In the places where the spit widened there were forests beyond the beaches. Exploring one of the forests, they came upon the hunting lodge once used by Nazi Field Marshal Hermann Göring. Its walls had long been removed and used as firewood by people who lived nearby. Only the inlaid floor remained. All around the ruined lodge ran a wild garden with deserted stables and henhouses. Berries grew from bushes in the garden, and the Slepaks and their friends picked many and enjoyed them.

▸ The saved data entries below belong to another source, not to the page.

(* Let $i,j\geq0$, let $R=(\gamma_{\mathrm{low}},\gamma_{\mathrm{mid}},\gamma_{\mathrm{up}})\in\mathcal{R}_{i,j}$, and let $A$ be its blue-red arc diagram. Then $R\in\mathcal{G}_{i,j}$ if and only if $A$ has no Z-pattern.
   Context: Walks are words on $\{N,E\}$, viewed as lattice paths from $(0,0)$ with steps $N=(0,1)$, $E=(1,0)$. For walks $\gamma,\gamma'$, $\gamma'$ is above $\gamma$ if same endpoint and no East step of $\gamma$ lies strictly above the East step of $\gamma'$ in the same column. For $\nu$ ending at $(i,j)$, $\mathcal{W}_\nu$ is the set of walks above $\nu$. For $\gamma\in\mathcal{W}_\nu$ and a point $p=(x,y)$ on $\gamma$, let $x'$ be the abscissa of the North step of $\nu$ from ordinate $y$ to $y+1$ ($x'=i$ if $y=j$), $\ell(p)=x'-x$; if $p$ is preceded by $E$ and followed by $N$, let $p'$ be the next point after $p$ along $\gamma$ with $\ell(p')=\ell(p)$ and $\mathrm{push}_p(\gamma)$ the walk obtained by moving the $E$ preceding $p$ to just after $p'$. $\mathrm{Tam}(\nu)$ is the order on $\mathcal{W}_\nu$ given by the reflexive-transitive closure of $\gamma\le\mathrm{push}_p(\gamma)$. $\mathcal{R}_{i,j}$ is the set of triples $(\nu,\gamma,\gamma')$ of walks ending at $(i,j)$ with $\gamma'$ above $\gamma$ and $\gamma$ above $\nu$; $\mathcal{G}_{i,j}$ is the set of triples with $\nu$ ending at $(i,j)$, $\gamma,\gamma'\in\mathcal{W}_\nu$ and $\gamma\le\gamma'$ in $\mathrm{Tam}(\nu)$. Blue-red arc diagram of $(\gamma_{\mathrm{low}},\gamma_{\mathrm{mid}},\gamma_{\mathrm{up}})\in\mathcal{R}_{i,j}$: for $r=0,\dots,j$ let $\alpha_r,\mu_r,\beta_r$ be the numbers of East steps at height $r$ of $\gamma_{\mathrm{low}},\gamma_{\mathrm{mid}},\gamma_{\mathrm{up}}$. Place on a line, for $r=0,\dots,j$ successively, $\alpha_r$ blue dots, then $\mu_r$ black dots, then $\beta_r$ red dots. Below the line, blue dots are matched to black dots by the non-crossing matching where each arc has a blue left end and a black right end; above the line, black dots are matched to red dots by the non-crossing matching where each arc has a black left end and a red right end (these exist since each walk is above the previous one). A Z-pattern is a pair of a lower arc $a$ (blue dot $d_1$, black dot $d_3$) and an upper arc $a'$ (black dot $d_0$, red dot $d_2$) with $d_0<d_1<d_2<d_3$ along the line, i.e. the blue end of $a$ is enclosed within $a'$ and the red end of $a'$ is enclosed within $a$. *)

theory Defs
  imports Main
begin

datatype step = N | E

type_synonym walk = "step list"

definition cntE :: "walk \<Rightarrow> nat" where
  "cntE w = length (filter (\<lambda>s. s = E) w)"

definition cntN :: "walk \<Rightarrow> nat" where
  "cntN w = length (filter (\<lambda>s. s = N) w)"

definition endpt :: "walk \<Rightarrow> nat \<times> nat" where
  "endpt w = (cntE w, cntN w)"

text \<open>The k-th point visited by the walk (k = 0 .. length w).\<close>
definition pt :: "walk \<Rightarrow> nat \<Rightarrow> nat \<times> nat" where
  "pt w k = (cntE (take k w), cntN (take k w))"

text \<open>above g' g: g' is above g. The East step with index k starts at
  point pt w k; its column is the abscissa, its height the ordinate.\<close>
definition above :: "walk \<Rightarrow> walk \<Rightarrow> bool" where
  "above g' g \<longleftrightarrow> endpt g' = endpt g \<and>
     \<not> (\<exists>k k'. k < length g \<and> k' < length g' \<and> g ! k = E \<and> g' ! k' = E \<and>
          cntE (take k g) = cntE (take k' g') \<and> cntN (take k g) > cntN (take k' g'))"

definition Wset :: "walk \<Rightarrow> walk set" where
  "Wset \<nu> = {g. above g \<nu>}"

text \<open>Abscissa x' of the North step of nu from ordinate y to y+1 (x' = i if y = j).\<close>
definition nabs :: "walk \<Rightarrow> nat \<Rightarrow> nat" where
  "nabs \<nu> y = (if y = cntN \<nu> then cntE \<nu>
     else cntE (take (THE k. k < length \<nu> \<and> \<nu> ! k = N \<and> cntN (take k \<nu>) = y) \<nu>))"

definition ldist :: "walk \<Rightarrow> nat \<times> nat \<Rightarrow> int" where
  "ldist \<nu> p = int (nabs \<nu> (snd p)) - int (fst p)"

text \<open>Moving the East step preceding point number k to just after point number k'.\<close>
definition push_word :: "walk \<Rightarrow> nat \<Rightarrow> nat \<Rightarrow> walk" where
  "push_word g k k' = take (k - 1) g @ take (k' - k) (drop k g) @ [E] @ drop k' g"

text \<open>One push step: p = point number k of g, preceded by E and followed by N;
  p' = point number k' is the next point after p along g with l(p') = l(p).\<close>
definition tam_step :: "walk \<Rightarrow> walk \<Rightarrow> walk \<Rightarrow> bool" where
  "tam_step \<nu> g g' \<longleftrightarrow> g \<in> Wset \<nu> \<and>
     (\<exists>k k'. 0 < k \<and> k < length g \<and> g ! (k - 1) = E \<and> g ! k = N \<and>
        k < k' \<and> k' \<le> length g \<and> ldist \<nu> (pt g k') = ldist \<nu> (pt g k) \<and>
        (\<forall>m. k < m \<and> m < k' \<longrightarrow> ldist \<nu> (pt g m) \<noteq> ldist \<nu> (pt g k)) \<and>
        g' = push_word g k k')"

definition tam_le :: "walk \<Rightarrow> walk \<Rightarrow> walk \<Rightarrow> bool" where
  "tam_le \<nu> = (tam_step \<nu>)\<^sup>*\<^sup>*"

definition Rset :: "nat \<Rightarrow> nat \<Rightarrow> (walk \<times> walk \<times> walk) set" where
  "Rset i j = {(\<nu>, g, g'). endpt \<nu> = (i, j) \<and> endpt g = (i, j) \<and> endpt g' = (i, j) \<and>
       above g' g \<and> above g \<nu>}"

definition Gset :: "nat \<Rightarrow> nat \<Rightarrow> (walk \<times> walk \<times> walk) set" where
  "Gset i j = {(\<nu>, g, g'). endpt \<nu> = (i, j) \<and> g \<in> Wset \<nu> \<and> g' \<in> Wset \<nu> \<and> tam_le \<nu> g g'}"

datatype colour = Blue | Black | Red

definition east_at :: "walk \<Rightarrow> nat \<Rightarrow> nat" where
  "east_at w r = card {k. k < length w \<and> w ! k = E \<and> cntN (take k w) = r}"

definition dots :: "nat \<Rightarrow> walk \<Rightarrow> walk \<Rightarrow> walk \<Rightarrow> colour list" where
  "dots j lo mid up = concat (map (\<lambda>r. replicate (east_at lo r) Blue @
        replicate (east_at mid r) Black @ replicate (east_at up r) Red) [0..<Suc j])"

definition nc_matching :: "colour list \<Rightarrow> colour \<Rightarrow> colour \<Rightarrow> (nat \<times> nat) set \<Rightarrow> bool" where
  "nc_matching cs L R M \<longleftrightarrow>
     (\<forall>(a, b) \<in> M. a < b \<and> b < length cs \<and> cs ! a = L \<and> cs ! b = R) \<and>
     (\<forall>d < length cs. (cs ! d = L \<or> cs ! d = R) \<longrightarrow>
          card {e \<in> M. fst e = d \<or> snd e = d} = 1) \<and>
     (\<forall>(a, b) \<in> M. \<forall>(c, d) \<in> M. \<not> (a < c \<and> c < b \<and> b < d))"

definition lower_arcs :: "nat \<Rightarrow> walk \<Rightarrow> walk \<Rightarrow> walk \<Rightarrow> (nat \<times> nat) set" where
  "lower_arcs j lo mid up = (THE M. nc_matching (dots j lo mid up) Blue Black M)"

definition upper_arcs :: "nat \<Rightarrow> walk \<Rightarrow> walk \<Rightarrow> walk \<Rightarrow> (nat \<times> nat) set" where
  "upper_arcs j lo mid up = (THE M. nc_matching (dots j lo mid up) Black Red M)"

definition has_Z_pattern :: "nat \<Rightarrow> walk \<Rightarrow> walk \<Rightarrow> walk \<Rightarrow> bool" where
  "has_Z_pattern j lo mid up \<longleftrightarrow>
     (\<exists>d0 d1 d2 d3. (d1, d3) \<in> lower_arcs j lo mid up \<and> (d0, d2) \<in> upper_arcs j lo mid up \<and>
        d0 < d1 \<and> d1 < d2 \<and> d2 < d3)"

end

theory Submission
  imports Defs
begin

text \<open>Write \<open>f = gap lo mid\<close> and \<open>g = gap lo up\<close> for the row-by-row horizontal distances of
  \<open>mid\<close> and \<open>up\<close> from \<open>lo\<close>. A push in \<open>Tam(lo)\<close> raises \<open>f\<close> by one on a window of rows \<open>[y, y')\<close>
  starting at a strict minimum of \<open>f\<close>, and such a move never destroys a Z-pattern of the profiles
  (rows \<open>r < t\<close> with \<open>f r < f t\<close> and \<open>g - f\<close> at \<open>t\<close> below all its values on \<open>[r, t)\<close>); as
  \<open>f = g\<close> has none, Tamari intervals have no Z-pattern. Conversely, if there is none, pushing \<open>mid\<close>
  at the first row where it differs from \<open>up\<close> keeps it below \<open>up\<close> and creates no Z-pattern, so
  iterating reaches \<open>up\<close>. Finally, the balance of blue over black dots at the end of row \<open>s\<close> is
  \<open>f s\<close>, that of black over red dots is \<open>g s - f s\<close>, the non-crossing matchings are the
  first-return matchings of these balances, and a Z-pattern of arcs is exactly a Z-pattern of the
  profiles.\<close>

section \<open>Discrete sequences and sorted lists\<close>

lemma obtain_least:
  fixes n :: "'a::wellorder"
  assumes "P n"
  obtains m where "P m" "\<And>k. k < m \<Longrightarrow> \<not> P k"
  using assms exists_least_iff[of P] by blast

lemma int_unit_descent_hits:
  fixes h :: "nat \<Rightarrow> int"
  assumes "a \<le> b" "v \<le> h a" "h b \<le> v" "\<And>m. a \<le> m \<Longrightarrow> m < b \<Longrightarrow> h m - 1 \<le> h (Suc m)"
  shows "\<exists>m. a \<le> m \<and> m \<le> b \<and> h m = v"
  using assms
proof (induction b)
  case (Suc b)
  show ?case
  proof (cases "a = Suc b")
    case False
    then have ab: "a \<le> b" using Suc.prems by simp
    show ?thesis
    proof (cases "h b \<le> v")
      case True
      then show ?thesis using Suc.IH[OF ab Suc.prems(2) True] Suc.prems(4) by force
    next
      case False
      then have "v \<le> h (Suc b)" using Suc.prems(4) ab by force
      then show ?thesis using Suc.prems by (intro exI[of _ "Suc b"]) auto
    qed
  qed (use Suc.prems in auto)
qed auto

For two weeks they were connected to civilization only by radio. The men let their beards grow. On their last day of sailing the skies darkened and the wind rose, and there was a storm with waves six feet high. Arriving in the town of Zelenogradsk, they disassembled the boat and packed it away. Then they rented a small truck and drove to Kaliningrad, where they visited a barbershop. After his haircut Volodya gazed at himself in the barber’s mirror. Thirty-nine years old. Rugged, handsome, unshaven features. Grayish-green eyes; full lips; prominent, slightly curving nose. A Muscovite, urbane, intellectual, a bit too masculine, too attractive, the way Masha’s father had been. He turned to Masha and said in his throaty voice, “Maybe I will leave the beard?” Masha said, “You can try.”

The abrupt decision to let one’s beard grow. An assertion of identity, of self, to counteract growing inner uncertainty? Or an attempt to hide behind a dawning hurtful truth?

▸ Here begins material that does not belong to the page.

(* Let $L$ be a nondegenerate $\alpha$-semi-stable $\mathds R^d$-valued Lévy process. Then: (a) If $0<\alpha<1$, then $L$ has Sobolev index $\alpha$ if and only if $L$ is strictly $\alpha$-semi-stable. (b) If $1<\alpha\le2$, then $L$ has Sobolev index $\alpha$. (c) If $L$ is real-valued and strictly $\alpha$-stable with $\alpha=1$ and has Sobolev index $1$, then its symbol is of the form $A(u)=c|u|+i\tau u$ with $c>0$ and $\tau\in\mathds R$. (d) If $L$ is real-valued and $\alpha$-stable with $\alpha=1$, then $L$ has Sobolev index $1$ if and only if $L$ is strictly $1$-stable.
   Context: For a Lévy process with characteristics $(b,\sigma,F)$ w.r.t. a truncation function $h$, the symbol is $A(\xi)=\frac12\langle\xi,\sigma\xi\rangle+i\langle\xi,b\rangle-\int(e^{-i\langle\xi,y\rangle}-1+i\langle\xi,h(y)\rangle)F(dy)$, so $Ee^{i\langle\xi,L_t\rangle}=e^{-tA(-\xi)}$. A Lévy process is semi-stable (resp. stable) if for some (resp. every) $0<a\ne1$ there exist $b>0$ and $c\in\mathds R^d$ with $aA(u)=A(bu)+i\langle c,u\rangle$ for all $u$. Let $\Gamma$ be the set of $a>0$ for which such $b,c$ exist; the process is $\alpha$-semi-stable if it is semi-stable and $a=b^\alpha$ for all $a\in\Gamma$, and $\alpha$-stable if it is stable and $a=b^\alpha$ for all $a>0$. It is strictly (semi-)stable, resp. strictly $\alpha$-(semi-)stable, if in addition the relation holds with $c=0$. $L$ is nondegenerate if for some (equivalently every) $t>0$ the support of $P^{L_t}$ is not contained in any affine hyperplane of $\mathds R^d$. The symbol has Sobolev index $\alpha\in(0,2]$ if there are $0\le\beta<\alpha$, $C_1,C_3\ge0$, $C_2>0$ with $|A(\xi)|\le C_1(1+|\xi|^2)^{\alpha/2}$ and $\Re(A(\xi))\ge C_2|\xi|^\alpha-C_3(1+|\xi|^2)^{\beta/2}$ for all $\xi$. *)

theory Defs
  imports "HOL-Probability.Probability"
begin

They spent the rest of the day touring the city and out of a sense of homage visited the grave of the great German philosopher Immanuel Kant, one of the legendary figures of the eighteenth-century Enlightenment. That night Volodya and his friends boarded a train back to Moscow, and Masha, who had one more week of vacation, took a train to Klaipeda and rode from there by bus to Palanga, the Baltic Sea resort town where her mother was staying with the children.

That was the last summer of the Soviet paradise for the Slepaks, the last year of servile imprisonment for many Jews in the Soviet Union.

In 1926 there were more than one thousand synagogues in the Soviet Union; in 1966, sixty-two. Each synagogue now functioned separately, fighting its own battle for survival; there was no central religious Jewish organization. Thirty of the synagogues were located in non-European regions of the Soviet Union, in which lived less than 10 percent of the country’s total Jewish population. The Oriental Jews of those regions would have fought to the death against any attempt to close their synagogues, and the authorities mostly left them alone. More important, Oriental Jews did not have the sense of Jewish nationalist consciousness that existed among Western Jews, for whom religious ideas invariably ignited the fires of nationalism. Thus the Soviet authorities fought hard against overt manifestations of religion in the ranks of Western Jews. And those Jews, largely assimilated and yielding to government harassment, had witnessed over the years the regime’s anti-Semitic propaganda campaigns, the closing of synagogues, the uprooting of institutions that might afford opportunities for assembly and separateness; had witnessed, silently until now, the gradual collapse of Judaism all around them: the absence of academies of higher Jewish learning; the suppression of the religious education of children; the gradual rise in the average age-now above seventy-of rabbis, ritual slaughterers, and circumcisers; and the expunging of all public references to explicitly Jewish contributions to Soviet life past and present. Synagogue life, controlled; a Yiddish press, dead, save for showpiece publications. Clearly, it was the intention of the government to throttle the living organism of Judaism until such time as it would indeed cease to exist, thereby demonstrating the truth of the announcement of its demise.